In her Mais Lecture earlier this year, Rachel Reeves claimed that Labour would emulate Bidenomics, which she named “securonomics”, or “modern supply-side economics”. Yet “securonomics” appears to be aimed at providing security not for ordinary people, still less the precariat, but for wealthy investors and corporations. In her initial budget in October she certainly began on this course. 

Many of the measures Labour has introduced are seriously regressive—retaining the two-child benefit cap, cutting the winter fuel allowance, raising national insurance for business (a cost passed onto workers through lower wages, and expanding the precariat), cutting the real value of benefits for people with disabilities, and raising university tuition fees. In her Mais Lecture Reeves said that Labour would adhere to a fiscal rule with a “target to ensure that expenditure on welfare is contained within a predetermined cap”—a clear signal that benefits that would give security to the precariat and others are set to fall.    

A key idea behind securonomics is that public spending will shift from current to capital investment intended to boost economic growth in the longer term. It brings to mind Keynes’ famous aphorism – “in the long run we are all dead”. For this, Labour is relying on attracting foreign financial capital to achieve growth, organising a lavish business summit a few months after taking power. Its Biden-inspired industrial strategy promises even more subsidies for capital, reducing its risk exposure in the hope that this will boost GDP growth. If those subsidies go mainly to foreign capital there will be massive leakages abroad, mainly to financial firms in the US. 

Even the IMF has recognised that structural inequalities of wealth and income are the main impediments to economic growth. But there was no plan to reduce inequalities in the Mais Lecture. Instead, Labour is to rely on supply-side reforms that will probably increase inequalities, while having little effect on investment and growth. Before the election, Labour had said it would tax private equity profits—so-called “carry” or  “carried interest”—at the same rate as income tax. But in her budget, Reeves blinked, announcing the lofty incomes of those taking private equity profits will be taxed at 32 per cent, compared with 45 per cent that other high-income earners are supposed to pay.

However, the biggest flaw of all is the almost religious faith placed in higher GDP growth to raise living standards all round.

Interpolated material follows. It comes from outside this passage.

(* For $j\in\{1,\dots,k\}$ let $F_j\colon\mathbb B^{\alpha^j}\to\mathbb C$ ($j\le k+1$) be functors and $\phi_j\colon F_j\to F_{j+1}$ transformations of type $|\alpha^j|\xrightarrow{\sigma_j}n_j\xleftarrow{\tau_j}|\alpha^{j+1}|$. Suppose the type $|\alpha^1|\to l\leftarrow|\alpha^{k+1}|$ of $\phi_k\circ\cdots\circ\phi_1$ is computed by iterated pushouts in finite sets, and let $\xi_j\colon n_j\to l$ be the induced map from $n_j$ to $l$. Let $i\in l$. If the $i$-th connected component of the composite graph $\Gamma(\phi_k)\circ\cdots\circ\Gamma(\phi_1)$ is acyclic and, for all $j\in\{1,\dots,k\}$ and all $x\in\xi_j^{-1}\{i\}$, the transformation $\phi_j$ is dinatural in its $x$-th variable, then $\phi_k\circ\cdots\circ\phi_1$ is dinatural in its $i$-th variable.
   Context: Notation: for $k\in\mathbb N$, $k$ also denotes $\{1,\dots,k\}$. For $\alpha\in\{+,-\}^*$, $\mathbb B^\alpha=\mathbb B^{\alpha_1}\times\cdots\times\mathbb B^{\alpha_{|\alpha|}}$ with $\mathbb B^+=\mathbb B$, $\mathbb B^-=\mathbb B^{op}$. For $\mathbf A=(A_1,\dots,A_n)$ and $\sigma\colon k\to n$, $\mathbf A\sigma=(A_{\sigma1},\dots,A_{\sigma k})$. A morphism $f\colon A\to B$ placed in a contravariant argument is regarded as a morphism $B\to A$ of $\mathbb B^{op}$. A transformation $\phi\colon F\to G$ of type $|\alpha|\xrightarrow{\sigma}n\xleftarrow{\tau}|\beta|$ ($\sigma,\tau$ arbitrary functions) is a family $\phi_{\mathbf A}\colon F(\mathbf A\sigma)\to G(\mathbf A\tau)$, $\mathbf A\in\mathrm{Ob}(\mathbb B)^n$; $A_i$ is its $i$-th variable. $\mathbf A[X,Y/i]\sigma$ is the tuple whose $j$-th entry is $X$ if $\sigma j=i,\alpha_j=-$, $Y$ if $\sigma j=i,\alpha_j=+$, and $A_{\sigma j}$ (or $1_{A_{\sigma j}}$ when $X,Y$ are morphisms) otherwise; $\mathbf A[X/i]=\mathbf A[X,X/i]$. $\phi$ is dinatural in its $i$-th variable if for all objects $A_j$ ($j\neq i$) and all $f\colon A\to B$: $G(\mathbf A[A,f/i]\tau)\circ\phi_{\mathbf A[A/i]}\circ F(\mathbf A[f,A/i]\sigma)=G(\mathbf A[f,B/i]\tau)\circ\phi_{\mathbf A[B/i]}\circ F(\mathbf A[B,f/i]\sigma)$. Vertical composition of $\phi$ with $\psi\colon G\to H$ of type $|\beta|\xrightarrow{\eta}m\xleftarrow{\theta}|\gamma|$: with $\zeta\colon n\to l$, $\xi\colon m\to l$ a pushout of $\tau,\eta$, $\psi\circ\phi$ has type $(\zeta\sigma,\xi\theta)$ and components $\psi_{\mathbf A\xi}\circ\phi_{\mathbf A\zeta}$. Iterating gives $\phi_k\circ\cdots\circ\phi_1$, whose type is given by pasting pushouts; $\xi_j$ is the composite of the pushout maps from $n_j$ to the final set $l$. Composite graph $\Gamma(\phi_k)\circ\cdots\circ\Gamma(\phi_1)$: directed bipartite graph whose places are the disjoint union of $|\alpha^1|,\dots,|\alpha^{k+1}|$ and whose transitions are $n_1\sqcup\cdots\sqcup n_k$; for $t\in n_j$: arc from place $p$ of block $\alpha^j$ to $t$ iff $\sigma_j p=t$ and $\alpha^j_p=+$, from $t$ to it iff $\sigma_j p=t$ and $\alpha^j_p=-$; arc from place $p$ of block $\alpha^{j+1}$ to $t$ iff $\tau_j p=t$ and $\alpha^{j+1}_p=-$, from $t$ to it iff $\tau_jp=t$ and $\alpha^{j+1}_p=+$. Its connected components correspond bijectively to $l$; the $i$-th one contains the transitions $t\in n_j$ with $\xi_j t=i$. Acyclic means without directed cycles. *)

theory Defs
  imports Main
begin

Under rentier capitalism income gushes upwards, little trickles down. One revealing study found that with increased GDP growth, only the top two percentiles—i.e., top 20 per cent—gain more than the rate of growth; lower down the spectrum many do not gain at all. In other words, growth increases inequality.

There is also no demand-side vision. Where is the increased demand coming from? The precariat’s income will remain depressed and uncertain. There is nothing to suggest private debt—which is crushing demand and increasing stress, mental illness, deaths of despair and anomic violence—will fall. And real wages will continue their decades-long stagnation. If growth happens, it will not make the precariat more secure or reduce the inequality that breeds resentment and social conflict.

The space for a plutocratic populism is opened up by a combination of a visionless centre-left party and the erasure of a civilised centre-right party. Trump achieved the latter by openly attacking the Republican establishment. In Britain, we have a visionless Labour government and crushed civilised Conservatism, as the Tories lurch to the right to wrestle with Trump admirer Nigel Farage’s Reform Party.

In short, unless Labour changes course, giving priority to providing basic security and a vision of a future for the precariat, what has happened in the US could happen here.